Change 311947 merged by Muehlenhoff:
beta: switch deploy server to deployment-mira

https://gerrit.wikimedia.org/r/311947

mira is now running jessie. Please give it some more testing, for migrating tin, we could mira temporarily make the primary deployment server, setup tin in the mean time and then switch back?

mira is now running jessie. Please give it some more testing

The next deployment window is the week after next due to the ops offsite. I guess we could test by syncing changes to some README file? Or let it take over running l10nupdate?
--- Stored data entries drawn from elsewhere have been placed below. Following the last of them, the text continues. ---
(* Let $\Lambda$ be a recursive $\varepsilon$-number, and let $I$, $H$, $R_n$, $S_n$, $R_n^\alpha$, $S_n^\alpha$ be as in the context. Then for all $x, y \in H$, $n < \omega$ and $\alpha < \Lambda$: (1) $x R_n^{\alpha+1} y$ if and only if there exists $z \in H$ with $x R_n z$ and $z R_n^{\alpha} y$; (2) $x S_n^{\alpha+1} y$ if and only if there exists $z \in H$ with $x S_n z$ and $z S_n^{\alpha} y$.
   Context: Fix a recursive ordinal $\Lambda$ that is an $\varepsilon$-number, i.e. $\omega^\Lambda = \Lambda$. The ordinal logarithm is defined by $\ell(0)=0$ and $\ell(\alpha+\omega^\beta)=\beta$. An $\ell$-sequence (Ignatiev sequence) is a sequence of ordinals $x=\langle x_0,x_1,x_2,\dots\rangle$ indexed by $\omega$ with $x_{i+1}\le \ell(x_i)$ for all $i<\omega$. Let $I$ be the set of $\ell$-sequences all of whose entries are $<\Lambda$, and let $H\subseteq I$ be the set of those $x\in I$ such that $x_j=0$ for some $j<\omega$. For $n<\omega$, define $x R_n y$ for $x,y\in I$ (and $x S_n y$ for $x,y\in H$, the same condition) by: $x_m>y_m$ for all $m\le n$ and $x_i\ge y_i$ for all $i>n$. Define $R_n^\alpha$ on $I$ recursively: $x R_n^0 y$ iff $x=y$; $x R_n^{1+\alpha} y$ iff for every $\beta<1+\alpha$ there is $z\in I$ with $x R_n z$ and $z R_n^\beta y$. Define $S_n^\alpha$ on $H$ in the same way, with $S_n$ in place of $R_n$ and $z$ ranging over $H$. *)

theory Defs
  imports Main
begin

text \<open>Ordinals are modelled as elements of an arbitrary well-ordered type 'o
(each element denotes the order type of its initial segment). Ordinal
arithmetic is defined order-theoretically inside 'o.\<close>

definition ord_iso :: "'a::linorder set \<Rightarrow> 'b::linorder set \<Rightarrow> bool" where
  "ord_iso A B \<longleftrightarrow> (\<exists>f. bij_betw f A B \<and> (\<forall>x\<in>A. \<forall>y\<in>A. x < y \<longrightarrow> f x < f y))"

definition ozero :: "'o::wellorder" where
  "ozero = (LEAST x. True)"

definition osuc :: "'o::wellorder \<Rightarrow> 'o" where
  "osuc a = (LEAST x. a < x)"

text \<open>oplus_eq a c g : a + c = g (the interval [a,g) has order type c)\<close>
definition oplus_eq :: "'o::wellorder \<Rightarrow> 'o \<Rightarrow> 'o \<Rightarrow> bool" where
  "oplus_eq a c g \<longleftrightarrow> a \<le> g \<and> ord_iso {x. a \<le> x \<and> x < g} {x. x < c}"

definition indecomp :: "'o::wellorder \<Rightarrow> bool" where
  "indecomp c \<longleftrightarrow> ozero < c \<and> (\<forall>a<c. oplus_eq a c c)"

text \<open>omega_pow_eq b c : c = omega^b (c is the b-th indecomposable ordinal)\<close>
definition omega_pow_eq :: "'o::wellorder \<Rightarrow> 'o \<Rightarrow> bool" where
  "omega_pow_eq b c \<longleftrightarrow> indecomp c \<and> ord_iso {d. d < c \<and> indecomp d} {x. x < b}"

definition is_ell :: "'o::wellorder \<Rightarrow> 'o \<Rightarrow> bool" where
  "is_ell g b \<longleftrightarrow> (g = ozero \<and> b = ozero) \<or> (\<exists>a c. omega_pow_eq b c \<and> oplus_eq a c g)"

definition ell :: "'o::wellorder \<Rightarrow> 'o" where
  "ell g = (THE b. is_ell g b)"

definition epsilon_number :: "'o::wellorder \<Rightarrow> bool" where
  "epsilon_number L \<longleftrightarrow> omega_pow_eq L L"

definition Iset :: "'o::wellorder \<Rightarrow> (nat \<Rightarrow> 'o) set" where
  "Iset L = {x. (\<forall>i. x (Suc i) \<le> ell (x i)) \<and> (\<forall>i. x i < L)}"

definition Hset :: "'o::wellorder \<Rightarrow> (nat \<Rightarrow> 'o) set" where
  "Hset L = {x \<in> Iset L. \<exists>j. x j = ozero}"

definition Rn :: "nat \<Rightarrow> (nat \<Rightarrow> 'o::wellorder) \<Rightarrow> (nat \<Rightarrow> 'o) \<Rightarrow> bool" where
  "Rn n x y \<longleftrightarrow> (\<forall>m\<le>n. x m > y m) \<and> (\<forall>i>n. x i \<ge> y i)"

text \<open>Iterated relation R^alpha over domain D:
  R^0 = identity; for alpha = 1 + alpha' > 0 (so beta < 1+alpha' iff beta < alpha):
  x R^alpha y iff for all beta < alpha there is z in D with x R z and z R^beta y.\<close>
definition rel_pow :: "('s \<Rightarrow> 's \<Rightarrow> bool) \<Rightarrow> 's set \<Rightarrow> 'o::wellorder \<Rightarrow> 's \<Rightarrow> 's \<Rightarrow> bool" where
  "rel_pow R D = wfrec {(a, b). a < b}
     (\<lambda>f \<alpha> x y. if \<alpha> = ozero then x = y
                 else (\<forall>\<beta><\<alpha>. \<exists>z\<in>D. R x z \<and> f \<beta> z y))"

end

theory Submission
  imports Defs
begin

text \<open>For a transitive relation \<open>R\<close>, \<open>x R\<^sup>\<alpha>\<^sup>+\<^sup>1 y\<close> amounts to a single step \<open>x R z R\<^sup>\<alpha> y\<close>:
  the clause for \<open>\<beta> = \<alpha>\<close> in the definition is exactly that step, and the clauses for
  \<open>\<beta> < \<alpha>\<close> follow from it by transitivity. This gives the statement about \<open>S\<^sub>n\<close>.
  For \<open>R\<^sub>n\<close> the intermediate point \<open>z\<close> lies in \<open>I\<close> but perhaps not in \<open>H\<close>. Since
  \<open>y \<in> H\<close> vanishes from some position on, we replace \<open>z\<close> and, recursively, all points
  witnessing \<open>z R\<^sup>\<alpha> y\<close> by their truncations to zero beyond a position \<open>N \<ge> n\<close> past
  which \<open>y\<close> vanishes: truncation preserves \<open>\<ell>\<close>-sequences and \<open>R\<^sub>n\<close>-steps and
  fixes \<open>y\<close>.\<close>

lemma rel_pow_eq:
  "rel_pow R D (\<alpha>::'o::wellorder) x y \<longleftrightarrow>
     (if \<alpha> = ozero then x = y else (\<forall>\<beta><\<alpha>. \<exists>z\<in>D. R x z \<and> rel_pow R D \<beta> z y))"
  unfolding rel_pow_def
  by (subst wfrec[OF wellorder_class.wf]) (simp add: cut_apply)

lemma ozero_le [simp]: "ozero \<le> (x::'o::wellorder)"
  unfolding ozero_def by (rule Least_le) simp

lemma less_osuc_self: "(\<alpha>::'o::wellorder) < \<gamma> \<Longrightarrow> \<alpha> < osuc \<alpha>"
  unfolding osuc_def by (rule LeastI)

lemma less_osuc_iff: "(\<alpha>::'o::wellorder) < \<gamma> \<Longrightarrow> \<beta> < osuc \<alpha> \<longleftrightarrow> \<beta> \<le> \<alpha>"
proof
  assume "\<beta> < osuc \<alpha>"
  moreover have "\<alpha> < \<beta> \<Longrightarrow> osuc \<alpha> \<le> \<beta>"
    unfolding osuc_def by (rule Least_le)
  ultimately show "\<beta> \<le> \<alpha>" by (meson leD leI)
qed (metis le_less_trans less_osuc_self)

lemma osuc_neq_ozero: "(\<alpha>::'o::wellorder) < \<gamma> \<Longrightarrow> osuc \<alpha> \<noteq> ozero"
  by (metis less_osuc_self not_less ozero_le)

lemma rel_pow_osuc_iff:
  assumes "transp R" and "(\<alpha>::'o::wellorder) < \<gamma>"
  shows "rel_pow R D (osuc \<alpha>) x y \<longleftrightarrow> (\<exists>z\<in>D. R x z \<and> rel_pow R D \<alpha> z y)"
proof
  assume "rel_pow R D (osuc \<alpha>) x y"
  then show "\<exists>z\<in>D. R x z \<and> rel_pow R D \<alpha> z y"
    using osuc_neq_ozero[OF \<open>\<alpha> < \<gamma>\<close>] less_osuc_self[OF \<open>\<alpha> < \<gamma>\<close>]
    by (subst (asm) rel_pow_eq) auto
next
  assume "\<exists>z\<in>D. R x z \<and> rel_pow R D \<alpha> z y"
  then obtain z where z: "z \<in> D" "R x z" "rel_pow R D \<alpha> z y" by blast
  have "\<exists>w\<in>D. R x w \<and> rel_pow R D \<beta> w y" if "\<beta> \<le> \<alpha>" for \<beta>
  proof (cases "\<beta> = \<alpha>")
    case False
    with that have "\<beta> < \<alpha>" by simp
    moreover from this have "\<alpha> \<noteq> ozero" by (metis not_less ozero_le)
    ultimately have "\<exists>w\<in>D. R z w \<and> rel_pow R D \<beta> w y"
      using z(3) by (subst (asm) rel_pow_eq) auto
    with transpD[OF \<open>transp R\<close> z(2)] show ?thesis by blast
  qed (use z in blast)
  then show "rel_pow R D (osuc \<alpha>) x y"
    using osuc_neq_ozero[OF \<open>\<alpha> < \<gamma>\<close>] less_osuc_iff[OF \<open>\<alpha> < \<gamma>\<close>]
    by (subst rel_pow_eq) auto
qed

lemma transp_Rn: "transp (Rn n :: (nat \<Rightarrow> 'o::wellorder) \<Rightarrow> _)"
  unfolding transp_def Rn_def by (meson less_trans order_trans)

lemma ell_ozero [simp]: "ell (ozero::'o::wellorder) = ozero"
proof -
  have "b = ozero" if "is_ell (ozero::'o) b" for b
  proof (rule ccontr)
    assume "b \<noteq> ozero"
    with that obtain a c where "omega_pow_eq b c" "oplus_eq a c (ozero::'o)"
      unfolding is_ell_def by blast
    then have "ozero < c" and iso: "ord_iso {x. a \<le> x \<and> x < (ozero::'o)} {x. x < c}"
      unfolding omega_pow_eq_def indecomp_def oplus_eq_def by auto
    have "{x. a \<le> x \<and> x < (ozero::'o)} = {}" by (auto simp: not_less)
    with iso have "{x. x < c} = {}" unfolding ord_iso_def bij_betw_def by auto
    with \<open>ozero < c\<close> show False by auto
  qed
  then show ?thesis
    unfolding ell_def by (intro the_equality) (auto simp: is_ell_def)
qed

lemma Hset_subset_Iset: "Hset L \<subseteq> Iset L"
  unfolding Hset_def by auto

lemma Hset_eventually_ozero:
  assumes "y \<in> Hset L" obtains j where "\<forall>i\<ge>j. y i = ozero"
proof -
  from assms obtain j where j: "y j = ozero" and ell: "\<forall>i. y (Suc i) \<le> ell (y i)"
    unfolding Hset_def Iset_def by auto
  have "y (j + k) = ozero" for k
  proof (induction k)
    case (Suc k)
    then have "y (Suc (j + k)) \<le> ozero" using ell by (metis ell_ozero)
    then show ?case using ozero_le[of "y (Suc (j + k))"] by simp
  qed (simp add: j)
  then show ?thesis using that by (metis le_add_diff_inverse)
qed

definition truncate_seq :: "nat \<Rightarrow> (nat \<Rightarrow> 'o::wellorder) \<Rightarrow> nat \<Rightarrow> 'o" where
  "truncate_seq N z = (\<lambda>i. if i \<le> N then z i else ozero)"

lemma truncate_seq_in_Hset: "z \<in> Iset L \<Longrightarrow> truncate_seq N z \<in> Hset L"
  unfolding Hset_def Iset_def truncate_seq_def
  by (auto intro: le_less_trans intro!: exI[of _ "Suc N"])

lemma Rn_truncate_seq:
  "Rn n x z \<Longrightarrow> n \<le> N \<Longrightarrow> Rn n (truncate_seq N x) (truncate_seq N z)"
  unfolding Rn_def truncate_seq_def by auto

lemma Rn_truncate_seq_right: "Rn n x z \<Longrightarrow> n \<le> N \<Longrightarrow> Rn n x (truncate_seq N z)"
  unfolding Rn_def truncate_seq_def by (auto intro: order_trans)

lemma rel_pow_truncate_seq:
  assumes y: "\<forall>i>N. y i = ozero" and "n \<le> N"
    and "rel_pow (Rn n) (Iset L) (\<alpha>::'o::wellorder) z y"
  shows "rel_pow (Rn n) (Iset L) \<alpha> (truncate_seq N z) y"
  using assms(3)
proof (induction \<alpha> arbitrary: z rule: less_induct)
  case (less \<alpha>)
  show ?case
  proof (cases "\<alpha> = ozero")
    case True
    with less.prems y have "truncate_seq N z = y"
      by (auto simp: rel_pow_eq truncate_seq_def)
    with True show ?thesis by (simp add: rel_pow_eq)
  next
    case False
    have "\<exists>w\<in>Iset L. Rn n (truncate_seq N z) w \<and> rel_pow (Rn n) (Iset L) \<beta> w y"
      if "\<beta> < \<alpha>" for \<beta>
    proof -
      from less.prems False that obtain w
        where "w \<in> Iset L" "Rn n z w" "rel_pow (Rn n) (Iset L) \<beta> w y"
        by (subst (asm) rel_pow_eq) auto
      with Hset_subset_Iset truncate_seq_in_Hset Rn_truncate_seq[OF _ \<open>n \<le> N\<close>]
        less.IH[OF that] show ?thesis by blast
    qed
    with False show ?thesis by (subst rel_pow_eq) simp
  qed
qed

lemma Rn_rel_pow_witness_in_Hset:
  assumes "y \<in> Hset L" and "z \<in> Iset L" "Rn n x z" "rel_pow (Rn n) (Iset L) \<alpha> z y"
  shows "\<exists>z\<in>Hset L. Rn n x z \<and> rel_pow (Rn n) (Iset L) (\<alpha>::'o::wellorder) z y"
proof -
  obtain j where "\<forall>i\<ge>j. y i = ozero"
    using Hset_eventually_ozero[OF \<open>y \<in> Hset L\<close>] .
  then have y: "\<forall>i>max n j. y i = ozero" by auto
  have "n \<le> max n j" by simp
  show ?thesis
  proof (intro bexI conjI)
    show "truncate_seq (max n j) z \<in> Hset L"
      using \<open>z \<in> Iset L\<close> by (rule truncate_seq_in_Hset)
    show "Rn n x (truncate_seq (max n j) z)"
      using \<open>Rn n x z\<close> \<open>n \<le> max n j\<close> by (rule Rn_truncate_seq_right)
    show "rel_pow (Rn n) (Iset L) \<alpha> (truncate_seq (max n j) z) y"
      using y \<open>n \<le> max n j\<close> assms(4) by (rule rel_pow_truncate_seq)
  qed
qed

theorem proposition4p6:
  fixes \<Lambda> :: "'o::wellorder"
  assumes "epsilon_number \<Lambda>"
  shows "\<forall>x\<in>Hset \<Lambda>. \<forall>y\<in>Hset \<Lambda>. \<forall>n. \<forall>\<alpha><\<Lambda>.
    (rel_pow (Rn n) (Iset \<Lambda>) (osuc \<alpha>) x y \<longleftrightarrow>
       (\<exists>z\<in>Hset \<Lambda>. Rn n x z \<and> rel_pow (Rn n) (Iset \<Lambda>) \<alpha> z y)) \<and>
    (rel_pow (Rn n) (Hset \<Lambda>) (osuc \<alpha>) x y \<longleftrightarrow>
       (\<exists>z\<in>Hset \<Lambda>. Rn n x z \<and> rel_pow (Rn n) (Hset \<Lambda>) \<alpha> z y))"
proof (intro ballI allI impI conjI)
  fix x y n and \<alpha> :: 'o
  assume "y \<in> Hset \<Lambda>" and "\<alpha> < \<Lambda>"
  note succ = rel_pow_osuc_iff[OF transp_Rn \<open>\<alpha> < \<Lambda>\<close>]
  show "rel_pow (Rn n) (Hset \<Lambda>) (osuc \<alpha>) x y \<longleftrightarrow>
    (\<exists>z\<in>Hset \<Lambda>. Rn n x z \<and> rel_pow (Rn n) (Hset \<Lambda>) \<alpha> z y)"
    by (rule succ)
  have "(\<exists>z\<in>Iset \<Lambda>. Rn n x z \<and> rel_pow (Rn n) (Iset \<Lambda>) \<alpha> z y) \<longleftrightarrow>
    (\<exists>z\<in>Hset \<Lambda>. Rn n x z \<and> rel_pow (Rn n) (Iset \<Lambda>) \<alpha> z y)"
    using Rn_rel_pow_witness_in_Hset[OF \<open>y \<in> Hset \<Lambda>\<close>] Hset_subset_Iset by blast
  with succ show "rel_pow (Rn n) (Iset \<Lambda>) (osuc \<alpha>) x y \<longleftrightarrow>
    (\<exists>z\<in>Hset \<Lambda>. Rn n x z \<and> rel_pow (Rn n) (Iset \<Lambda>) \<alpha> z y)"
    by (rule trans)
qed

end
Change 312654 had a related patch set uploaded (by Hashar):
beta: drop deployment-tin add deployment-tin02

https://gerrit.wikimedia.org/r/312654

Change 312654 merged by Elukey:
beta: update deployment-tin IP and make it master

https://gerrit.wikimedia.org/r/312654

Change 315205 had a related patch set uploaded (by Hashar):
Switch primary deployment server from tin to mira

https://gerrit.wikimedia.org/r/315205

Change 315205 merged by Muehlenhoff:
Switch primary deployment server from tin to mira

https://gerrit.wikimedia.org/r/315205

mira is now the primary deployment server. tin will be reimaged to jessie on the 18th. After that we can switch back the primary deployment server to tin.

Change 315709 had a related patch set uploaded (by Mobrovac):
Deployment: use mira instead of tin

https://gerrit.wikimedia.org/r/315709

Change 315710 had a related patch set uploaded (by Mobrovac):
Deployment: Switch from tin to mira

https://gerrit.wikimedia.org/r/315710

Change 315721 had a related patch set uploaded (by Mobrovac):
Deployment: Switch to mira

https://gerrit.wikimedia.org/r/315721

Change 315725 had a related patch set uploaded (by Mobrovac):
Deployment: Switch from tin to mira

https://gerrit.wikimedia.org/r/315725

Change 315726 had a related patch set uploaded (by Mobrovac):
Deployment: Switch from tin to mira

https://gerrit.wikimedia.org/r/315726

Change 315727 had a related patch set uploaded (by Mobrovac):
Deployment: Switch from tin to mira

https://gerrit.wikimedia.org/r/315727

Change 315710 merged by Mobrovac:
Deployment: Switch from tin to mira

https://gerrit.wikimedia.org/r/315710

Change 315726 merged by Mobrovac:
Deployment: Switch from tin to mira

https://gerrit.wikimedia.org/r/315726

Change 315721 merged by Mobrovac:
Deployment: Switch to mira

https://gerrit.wikimedia.org/r/315721

Change 315727 merged by Mobrovac:
Deployment: Switch from tin to mira

https://gerrit.wikimedia.org/r/315727

Change 315725 merged by jenkins-bot:
Deployment: Switch from tin to mira

https://gerrit.wikimedia.org/r/315725

status

Both tin.eqiad.wmnet and mira.codfw.wmnet have been reimaged to Jessie which essentially solve this case. Kudos to @MoritzMuehlenhoff @elukey and @demon :]

What is left to do is to switch the primary master to be tin.eqiad.wmnet since the other way around tends to confuse multiple people.